Even the shortest line counts, so transcribe all the data exactly.

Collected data

★ ★ ★ ★ ★

(* Let $T$ be a tree on $n\ge 3$ vertices. Then $$\frac{2}{n-1}\le \gamma(T)\le \frac{n}{2n-3}.$$ Equality holds in the lower bound if and only if $T$ is isomorphic to the path $P_n$, and equality holds in the upper bound if and only if $T$ is isomorphic to the star $S_n$.
   Context: For a finite simple undirected graph $G$ with $n$ vertices, let $\mathcal{F}=\{x\in\mathbb{R}^{V(G)} : \sum_{v} x_v = 0,\ \|x\|_\infty = 1\}$, for $x\in\mathcal{F}$ let $\gamma_x(G)=\max_{uv\in E(G)}|x_u-x_v|$, and $\gamma(G)=\min_{x\in\mathcal{F}}\gamma_x(G)$. The star $S_n$ is the tree on $n$ vertices with one vertex adjacent to all other $n-1$ vertices. *)

theory Defs
  imports Complex_Main
begin

definition simple_graph :: "'a set \<Rightarrow> 'a set set \<Rightarrow> bool" where
  "simple_graph V E \<longleftrightarrow> finite V \<and>
     (\<forall>e\<in>E. \<exists>u v. e = {u, v} \<and> u \<noteq> v \<and> u \<in> V \<and> v \<in> V)"

definition connected_graph :: "'a set \<Rightarrow> 'a set set \<Rightarrow> bool" where
  "connected_graph V E \<longleftrightarrow>
     (\<forall>u\<in>V. \<forall>v\<in>V. (\<lambda>a b. {a, b} \<in> E)\<^sup>*\<^sup>* u v)"

definition has_cycle :: "'a set \<Rightarrow> 'a set set \<Rightarrow> bool" where
  "has_cycle V E \<longleftrightarrow> (\<exists>xs. length xs \<ge> 3 \<and> distinct xs \<and> set xs \<subseteq> V \<and>
     (\<forall>i. i + 1 < length xs \<longrightarrow> {xs ! i, xs ! (i + 1)} \<in> E) \<and>
     {last xs, hd xs} \<in> E)"

definition is_tree :: "'a set \<Rightarrow> 'a set set \<Rightarrow> bool" where
  "is_tree V E \<longleftrightarrow> simple_graph V E \<and> V \<noteq> {} \<and> connected_graph V E \<and> \<not> has_cycle V E"

definition graph_iso :: "'a set \<Rightarrow> 'a set set \<Rightarrow> 'b set \<Rightarrow> 'b set set \<Rightarrow> bool" where
  "graph_iso V E W F \<longleftrightarrow> (\<exists>f. bij_betw f V W \<and>
     (\<forall>u\<in>V. \<forall>v\<in>V. {u, v} \<in> E \<longleftrightarrow> {f u, f v} \<in> F))"

definition path_edges :: "nat \<Rightarrow> nat set set" where
  "path_edges n = {{i, i + 1} | i. i + 1 < n}"

definition star_edges :: "nat \<Rightarrow> nat set set" where
  "star_edges n = {{0, i} | i. 0 < i \<and> i < n}"

text \<open>The feasible set F: vectors indexed by V (values outside V are irrelevant)
  with zero sum and sup-norm 1.\<close>

definition feasible :: "'a set \<Rightarrow> ('a \<Rightarrow> real) set" where
  "feasible V = {x. (\<Sum>v\<in>V. x v) = 0 \<and> Max ((\<lambda>v. \<bar>x v\<bar>) ` V) = 1}"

★ ★ ★ ★ ★

→ Completed task
(* Let $T$ be a tree on $n\ge 3$ vertices. Then $$\frac{2}{n-1}\le \gamma(T)\le \frac{n}{2n-3}.$$ Equality holds in the lower bound if and only if $T$ is isomorphic to the path $P_n$, and equality holds in the upper bound if and only if $T$ is isomorphic to the star $S_n$.
   Context: For a finite simple undirected graph $G$ with $n$ vertices, let $\mathcal{F}=\{x\in\mathbb{R}^{V(G)} : \sum_{v} x_v = 0,\ \|x\|_\infty = 1\}$, for $x\in\mathcal{F}$ let $\gamma_x(G)=\max_{uv\in E(G)}|x_u-x_v|$, and $\gamma(G)=\min_{x\in\mathcal{F}}\gamma_x(G)$. The star $S_n$ is the tree on $n$ vertices with one vertex adjacent to all other $n-1$ vertices. *)

theory Defs
  imports Complex_Main
begin

definition simple_graph :: "'a set \<Rightarrow> 'a set set \<Rightarrow> bool" where
  "simple_graph V E \<longleftrightarrow> finite V \<and>
     (\<forall>e\<in>E. \<exists>u v. e = {u, v} \<and> u \<noteq> v \<and> u \<in> V \<and> v \<in> V)"

definition connected_graph :: "'a set \<Rightarrow> 'a set set \<Rightarrow> bool" where
  "connected_graph V E \<longleftrightarrow>
     (\<forall>u\<in>V. \<forall>v\<in>V. (\<lambda>a b. {a, b} \<in> E)\<^sup>*\<^sup>* u v)"

definition has_cycle :: "'a set \<Rightarrow> 'a set set \<Rightarrow> bool" where
  "has_cycle V E \<longleftrightarrow> (\<exists>xs. length xs \<ge> 3 \<and> distinct xs \<and> set xs \<subseteq> V \<and>
     (\<forall>i. i + 1 < length xs \<longrightarrow> {xs ! i, xs ! (i + 1)} \<in> E) \<and>
     {last xs, hd xs} \<in> E)"

definition is_tree :: "'a set \<Rightarrow> 'a set set \<Rightarrow> bool" where
  "is_tree V E \<longleftrightarrow> simple_graph V E \<and> V \<noteq> {} \<and> connected_graph V E \<and> \<not> has_cycle V E"

definition graph_iso :: "'a set \<Rightarrow> 'a set set \<Rightarrow> 'b set \<Rightarrow> 'b set set \<Rightarrow> bool" where
  "graph_iso V E W F \<longleftrightarrow> (\<exists>f. bij_betw f V W \<and>
     (\<forall>u\<in>V. \<forall>v\<in>V. {u, v} \<in> E \<longleftrightarrow> {f u, f v} \<in> F))"

definition path_edges :: "nat \<Rightarrow> nat set set" where
  "path_edges n = {{i, i + 1} | i. i + 1 < n}"

definition star_edges :: "nat \<Rightarrow> nat set set" where
  "star_edges n = {{0, i} | i. 0 < i \<and> i < n}"

text \<open>The feasible set F: vectors indexed by V (values outside V are irrelevant)
  with zero sum and sup-norm 1.\<close>

definition feasible :: "'a set \<Rightarrow> ('a \<Rightarrow> real) set" where
  "feasible V = {x. (\<Sum>v\<in>V. x v) = 0 \<and> Max ((\<lambda>v. \<bar>x v\<bar>) ` V) = 1}"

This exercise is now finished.